* What you should do: Scan the entries that follow and copy out every line containing "ultimately".

________________________

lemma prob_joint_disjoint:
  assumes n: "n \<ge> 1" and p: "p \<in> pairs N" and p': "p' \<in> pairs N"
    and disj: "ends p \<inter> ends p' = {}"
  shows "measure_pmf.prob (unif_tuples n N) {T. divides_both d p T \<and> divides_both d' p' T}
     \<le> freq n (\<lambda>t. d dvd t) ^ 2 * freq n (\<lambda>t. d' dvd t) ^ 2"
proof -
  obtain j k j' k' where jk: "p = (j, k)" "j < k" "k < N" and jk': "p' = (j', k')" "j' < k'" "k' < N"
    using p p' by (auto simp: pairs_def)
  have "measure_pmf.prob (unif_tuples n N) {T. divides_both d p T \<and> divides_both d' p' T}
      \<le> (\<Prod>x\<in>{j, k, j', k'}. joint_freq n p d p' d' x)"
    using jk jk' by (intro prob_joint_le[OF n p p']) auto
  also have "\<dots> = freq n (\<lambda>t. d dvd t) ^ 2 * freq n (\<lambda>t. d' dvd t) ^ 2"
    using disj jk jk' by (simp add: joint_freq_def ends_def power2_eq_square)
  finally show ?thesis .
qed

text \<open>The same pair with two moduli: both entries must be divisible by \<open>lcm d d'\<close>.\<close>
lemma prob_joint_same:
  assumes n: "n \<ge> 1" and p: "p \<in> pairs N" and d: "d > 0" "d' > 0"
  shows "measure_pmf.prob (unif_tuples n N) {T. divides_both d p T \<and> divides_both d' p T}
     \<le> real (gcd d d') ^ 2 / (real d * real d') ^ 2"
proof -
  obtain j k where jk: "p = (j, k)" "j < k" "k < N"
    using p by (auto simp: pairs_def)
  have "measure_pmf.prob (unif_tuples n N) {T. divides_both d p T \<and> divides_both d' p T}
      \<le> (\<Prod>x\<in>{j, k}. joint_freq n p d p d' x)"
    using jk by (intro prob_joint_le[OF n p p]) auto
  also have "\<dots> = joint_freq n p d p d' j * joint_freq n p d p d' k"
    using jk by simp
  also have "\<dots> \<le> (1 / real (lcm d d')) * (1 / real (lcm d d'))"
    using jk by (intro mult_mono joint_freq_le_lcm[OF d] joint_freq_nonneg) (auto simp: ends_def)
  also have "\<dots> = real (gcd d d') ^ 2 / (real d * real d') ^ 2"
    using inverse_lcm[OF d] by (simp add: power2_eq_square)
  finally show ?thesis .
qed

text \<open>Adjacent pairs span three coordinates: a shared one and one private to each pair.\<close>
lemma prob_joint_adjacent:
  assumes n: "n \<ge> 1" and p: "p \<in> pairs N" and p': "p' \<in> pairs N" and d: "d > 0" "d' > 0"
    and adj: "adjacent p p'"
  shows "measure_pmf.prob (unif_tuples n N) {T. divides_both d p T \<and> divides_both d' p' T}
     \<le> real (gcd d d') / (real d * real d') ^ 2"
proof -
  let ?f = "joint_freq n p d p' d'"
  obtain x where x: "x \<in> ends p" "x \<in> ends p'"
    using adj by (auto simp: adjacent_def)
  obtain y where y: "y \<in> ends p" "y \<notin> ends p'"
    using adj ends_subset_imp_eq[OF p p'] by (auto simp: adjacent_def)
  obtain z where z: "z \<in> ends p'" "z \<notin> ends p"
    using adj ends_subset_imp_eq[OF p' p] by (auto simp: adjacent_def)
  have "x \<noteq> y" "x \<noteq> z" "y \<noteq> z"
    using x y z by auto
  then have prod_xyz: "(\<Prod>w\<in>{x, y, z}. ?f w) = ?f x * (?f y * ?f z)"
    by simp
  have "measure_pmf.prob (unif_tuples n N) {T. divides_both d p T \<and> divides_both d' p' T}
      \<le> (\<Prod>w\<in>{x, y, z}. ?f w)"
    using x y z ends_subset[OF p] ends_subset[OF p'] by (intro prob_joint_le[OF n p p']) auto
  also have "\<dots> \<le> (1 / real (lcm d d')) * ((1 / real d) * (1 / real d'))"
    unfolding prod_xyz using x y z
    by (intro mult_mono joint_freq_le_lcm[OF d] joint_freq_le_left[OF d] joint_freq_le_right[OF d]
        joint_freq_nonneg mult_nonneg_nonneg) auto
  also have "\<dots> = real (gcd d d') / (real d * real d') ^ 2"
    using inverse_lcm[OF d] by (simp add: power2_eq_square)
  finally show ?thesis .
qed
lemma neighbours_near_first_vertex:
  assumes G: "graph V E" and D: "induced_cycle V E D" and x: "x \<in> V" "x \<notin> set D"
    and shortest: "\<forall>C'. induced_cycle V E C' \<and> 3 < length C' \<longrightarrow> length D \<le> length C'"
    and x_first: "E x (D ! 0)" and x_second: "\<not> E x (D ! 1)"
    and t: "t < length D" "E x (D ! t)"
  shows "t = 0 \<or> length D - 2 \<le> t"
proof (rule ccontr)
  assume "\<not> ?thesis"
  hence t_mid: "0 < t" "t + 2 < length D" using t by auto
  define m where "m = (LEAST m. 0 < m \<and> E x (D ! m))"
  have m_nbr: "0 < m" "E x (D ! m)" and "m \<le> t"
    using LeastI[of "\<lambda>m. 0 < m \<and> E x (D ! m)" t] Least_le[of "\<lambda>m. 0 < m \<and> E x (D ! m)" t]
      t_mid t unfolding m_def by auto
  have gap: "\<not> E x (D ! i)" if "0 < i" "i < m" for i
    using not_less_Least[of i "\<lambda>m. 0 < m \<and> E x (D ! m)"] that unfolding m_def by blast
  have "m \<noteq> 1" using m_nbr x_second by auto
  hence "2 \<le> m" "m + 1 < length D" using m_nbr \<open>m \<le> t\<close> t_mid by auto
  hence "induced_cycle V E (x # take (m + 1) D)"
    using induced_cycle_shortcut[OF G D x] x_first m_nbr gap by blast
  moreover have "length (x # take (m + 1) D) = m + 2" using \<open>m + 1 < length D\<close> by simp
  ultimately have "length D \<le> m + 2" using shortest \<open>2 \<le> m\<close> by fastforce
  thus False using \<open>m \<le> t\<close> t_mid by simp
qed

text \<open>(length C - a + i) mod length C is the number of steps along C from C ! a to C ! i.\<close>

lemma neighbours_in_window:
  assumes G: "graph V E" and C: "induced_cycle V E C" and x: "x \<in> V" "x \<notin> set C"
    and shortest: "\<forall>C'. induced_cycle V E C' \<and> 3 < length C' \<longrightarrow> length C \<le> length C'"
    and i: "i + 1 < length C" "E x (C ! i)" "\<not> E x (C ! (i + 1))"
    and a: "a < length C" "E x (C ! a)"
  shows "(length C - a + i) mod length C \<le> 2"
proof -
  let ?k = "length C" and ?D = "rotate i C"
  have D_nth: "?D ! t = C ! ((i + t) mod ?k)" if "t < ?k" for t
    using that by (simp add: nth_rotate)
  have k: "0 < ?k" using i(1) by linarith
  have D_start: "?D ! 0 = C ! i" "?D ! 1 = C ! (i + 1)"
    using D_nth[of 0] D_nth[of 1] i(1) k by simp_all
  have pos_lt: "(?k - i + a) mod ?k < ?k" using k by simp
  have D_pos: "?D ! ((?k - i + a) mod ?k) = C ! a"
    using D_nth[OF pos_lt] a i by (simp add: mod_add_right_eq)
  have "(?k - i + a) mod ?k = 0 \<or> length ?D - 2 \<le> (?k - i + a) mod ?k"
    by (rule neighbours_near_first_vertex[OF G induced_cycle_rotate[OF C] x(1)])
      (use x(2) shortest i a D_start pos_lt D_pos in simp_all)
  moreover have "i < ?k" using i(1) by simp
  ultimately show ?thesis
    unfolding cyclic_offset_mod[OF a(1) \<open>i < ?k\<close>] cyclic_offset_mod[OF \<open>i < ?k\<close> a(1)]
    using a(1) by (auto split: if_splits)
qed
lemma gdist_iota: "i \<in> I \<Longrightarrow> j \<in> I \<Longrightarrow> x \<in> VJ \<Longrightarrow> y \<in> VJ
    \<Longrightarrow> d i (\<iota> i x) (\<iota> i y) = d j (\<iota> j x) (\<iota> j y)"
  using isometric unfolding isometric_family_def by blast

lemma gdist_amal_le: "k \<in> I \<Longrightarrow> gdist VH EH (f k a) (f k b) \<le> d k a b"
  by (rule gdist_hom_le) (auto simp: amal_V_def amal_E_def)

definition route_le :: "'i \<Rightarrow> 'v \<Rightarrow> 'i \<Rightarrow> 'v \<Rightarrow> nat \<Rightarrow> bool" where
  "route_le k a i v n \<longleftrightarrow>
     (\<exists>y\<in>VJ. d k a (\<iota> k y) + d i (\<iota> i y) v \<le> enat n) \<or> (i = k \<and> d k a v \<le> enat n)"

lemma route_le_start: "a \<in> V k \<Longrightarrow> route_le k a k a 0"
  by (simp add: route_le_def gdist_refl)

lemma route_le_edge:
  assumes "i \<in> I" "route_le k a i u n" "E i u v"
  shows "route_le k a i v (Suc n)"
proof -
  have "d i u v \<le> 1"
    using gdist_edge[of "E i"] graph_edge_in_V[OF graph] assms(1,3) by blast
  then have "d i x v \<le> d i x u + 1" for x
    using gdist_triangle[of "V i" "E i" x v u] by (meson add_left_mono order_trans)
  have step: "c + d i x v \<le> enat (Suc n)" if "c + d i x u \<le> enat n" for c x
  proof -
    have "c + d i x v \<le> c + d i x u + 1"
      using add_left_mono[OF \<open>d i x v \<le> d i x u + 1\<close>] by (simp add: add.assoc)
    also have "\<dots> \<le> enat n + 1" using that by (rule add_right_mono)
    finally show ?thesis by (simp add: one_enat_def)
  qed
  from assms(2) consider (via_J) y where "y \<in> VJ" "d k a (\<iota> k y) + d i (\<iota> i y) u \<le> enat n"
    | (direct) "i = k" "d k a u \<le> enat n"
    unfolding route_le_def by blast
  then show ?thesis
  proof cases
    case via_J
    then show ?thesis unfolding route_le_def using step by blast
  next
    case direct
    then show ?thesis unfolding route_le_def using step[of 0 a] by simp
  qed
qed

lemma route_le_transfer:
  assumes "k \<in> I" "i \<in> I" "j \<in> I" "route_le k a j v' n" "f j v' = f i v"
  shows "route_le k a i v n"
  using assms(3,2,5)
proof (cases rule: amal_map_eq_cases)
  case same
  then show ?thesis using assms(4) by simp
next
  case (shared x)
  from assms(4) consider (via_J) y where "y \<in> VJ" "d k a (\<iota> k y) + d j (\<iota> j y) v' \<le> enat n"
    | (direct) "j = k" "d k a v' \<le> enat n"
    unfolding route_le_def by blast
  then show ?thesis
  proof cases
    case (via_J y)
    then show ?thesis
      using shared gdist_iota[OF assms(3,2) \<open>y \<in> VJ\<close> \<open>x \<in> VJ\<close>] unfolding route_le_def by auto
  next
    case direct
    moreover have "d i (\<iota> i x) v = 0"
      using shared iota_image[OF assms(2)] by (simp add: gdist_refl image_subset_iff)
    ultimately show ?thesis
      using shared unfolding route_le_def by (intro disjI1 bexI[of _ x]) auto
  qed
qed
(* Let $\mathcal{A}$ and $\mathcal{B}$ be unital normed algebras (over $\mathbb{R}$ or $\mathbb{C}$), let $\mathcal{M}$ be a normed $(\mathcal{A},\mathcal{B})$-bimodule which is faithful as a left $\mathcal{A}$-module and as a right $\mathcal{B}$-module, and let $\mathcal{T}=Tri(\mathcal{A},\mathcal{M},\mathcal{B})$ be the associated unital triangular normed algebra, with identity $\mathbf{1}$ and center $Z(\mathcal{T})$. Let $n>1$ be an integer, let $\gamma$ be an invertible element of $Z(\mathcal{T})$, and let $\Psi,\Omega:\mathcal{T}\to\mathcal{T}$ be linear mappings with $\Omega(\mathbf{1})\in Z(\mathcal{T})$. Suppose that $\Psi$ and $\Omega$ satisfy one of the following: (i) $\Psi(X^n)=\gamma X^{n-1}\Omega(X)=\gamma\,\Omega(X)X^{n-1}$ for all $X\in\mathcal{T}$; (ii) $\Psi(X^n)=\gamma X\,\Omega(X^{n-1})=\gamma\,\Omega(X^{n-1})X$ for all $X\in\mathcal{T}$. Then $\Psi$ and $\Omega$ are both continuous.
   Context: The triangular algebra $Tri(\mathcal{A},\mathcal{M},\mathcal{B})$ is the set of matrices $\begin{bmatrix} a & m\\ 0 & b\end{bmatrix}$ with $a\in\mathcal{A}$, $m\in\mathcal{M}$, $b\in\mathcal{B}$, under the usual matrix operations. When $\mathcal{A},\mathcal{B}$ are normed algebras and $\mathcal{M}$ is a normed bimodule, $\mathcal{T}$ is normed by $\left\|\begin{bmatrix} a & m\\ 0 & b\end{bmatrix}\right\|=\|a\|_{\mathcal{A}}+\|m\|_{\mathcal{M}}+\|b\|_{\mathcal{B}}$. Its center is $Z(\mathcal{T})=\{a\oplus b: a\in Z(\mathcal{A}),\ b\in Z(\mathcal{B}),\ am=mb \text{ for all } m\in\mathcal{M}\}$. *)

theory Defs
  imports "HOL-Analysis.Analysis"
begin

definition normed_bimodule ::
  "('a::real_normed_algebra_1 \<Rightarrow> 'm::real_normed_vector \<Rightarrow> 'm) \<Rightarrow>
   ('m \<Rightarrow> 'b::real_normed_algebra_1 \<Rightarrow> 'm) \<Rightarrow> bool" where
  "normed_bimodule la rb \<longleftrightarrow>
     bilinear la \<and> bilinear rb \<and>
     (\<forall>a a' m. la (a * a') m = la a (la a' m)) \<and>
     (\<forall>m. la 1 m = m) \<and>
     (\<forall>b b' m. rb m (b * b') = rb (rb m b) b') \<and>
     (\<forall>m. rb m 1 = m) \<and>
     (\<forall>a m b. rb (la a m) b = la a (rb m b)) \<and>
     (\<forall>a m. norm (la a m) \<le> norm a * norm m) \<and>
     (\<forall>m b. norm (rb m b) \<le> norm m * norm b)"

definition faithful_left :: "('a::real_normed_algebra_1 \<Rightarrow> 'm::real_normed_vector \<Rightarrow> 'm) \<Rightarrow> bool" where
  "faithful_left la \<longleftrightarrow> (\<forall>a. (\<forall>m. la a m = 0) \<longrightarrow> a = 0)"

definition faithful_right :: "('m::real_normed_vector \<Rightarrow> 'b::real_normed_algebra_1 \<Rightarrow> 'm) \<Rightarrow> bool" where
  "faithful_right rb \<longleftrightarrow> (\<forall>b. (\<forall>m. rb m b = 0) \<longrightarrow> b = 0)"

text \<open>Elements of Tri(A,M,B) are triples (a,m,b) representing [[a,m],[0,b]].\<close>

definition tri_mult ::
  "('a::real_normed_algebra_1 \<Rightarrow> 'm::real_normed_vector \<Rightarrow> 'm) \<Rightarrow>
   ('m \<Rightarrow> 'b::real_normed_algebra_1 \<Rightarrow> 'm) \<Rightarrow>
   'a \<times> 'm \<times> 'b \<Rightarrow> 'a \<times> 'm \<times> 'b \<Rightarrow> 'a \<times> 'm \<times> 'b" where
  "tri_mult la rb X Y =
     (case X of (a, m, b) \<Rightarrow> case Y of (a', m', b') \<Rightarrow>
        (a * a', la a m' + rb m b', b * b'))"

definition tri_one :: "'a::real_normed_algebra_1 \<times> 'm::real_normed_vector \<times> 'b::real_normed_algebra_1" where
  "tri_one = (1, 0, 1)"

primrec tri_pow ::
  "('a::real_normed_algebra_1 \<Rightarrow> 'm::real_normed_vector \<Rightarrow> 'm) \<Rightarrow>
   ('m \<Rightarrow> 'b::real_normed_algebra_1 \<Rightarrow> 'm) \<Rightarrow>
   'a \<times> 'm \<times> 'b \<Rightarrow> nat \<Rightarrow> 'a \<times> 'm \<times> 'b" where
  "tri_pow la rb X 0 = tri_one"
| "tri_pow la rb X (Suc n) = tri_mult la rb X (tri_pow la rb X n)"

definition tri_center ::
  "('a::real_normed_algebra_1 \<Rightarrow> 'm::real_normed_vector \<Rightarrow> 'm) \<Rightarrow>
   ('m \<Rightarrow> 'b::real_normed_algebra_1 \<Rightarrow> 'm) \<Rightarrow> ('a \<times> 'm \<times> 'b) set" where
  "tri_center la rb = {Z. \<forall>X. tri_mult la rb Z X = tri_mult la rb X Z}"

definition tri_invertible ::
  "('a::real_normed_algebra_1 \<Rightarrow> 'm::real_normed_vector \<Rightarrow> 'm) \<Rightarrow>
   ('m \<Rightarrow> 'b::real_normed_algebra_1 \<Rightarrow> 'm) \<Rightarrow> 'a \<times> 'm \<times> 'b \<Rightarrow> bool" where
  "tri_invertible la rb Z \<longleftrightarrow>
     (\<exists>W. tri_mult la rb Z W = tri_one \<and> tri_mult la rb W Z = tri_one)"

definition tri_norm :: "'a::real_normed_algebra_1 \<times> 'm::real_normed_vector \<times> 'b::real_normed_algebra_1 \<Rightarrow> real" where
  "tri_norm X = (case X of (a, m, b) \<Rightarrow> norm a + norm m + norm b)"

________________________

* Response:
  ultimately have "length D \<le> m + 2" using shortest \<open>2 \<le> m\<close> by fastforce
  ultimately show ?thesis
    ultimately show ?thesis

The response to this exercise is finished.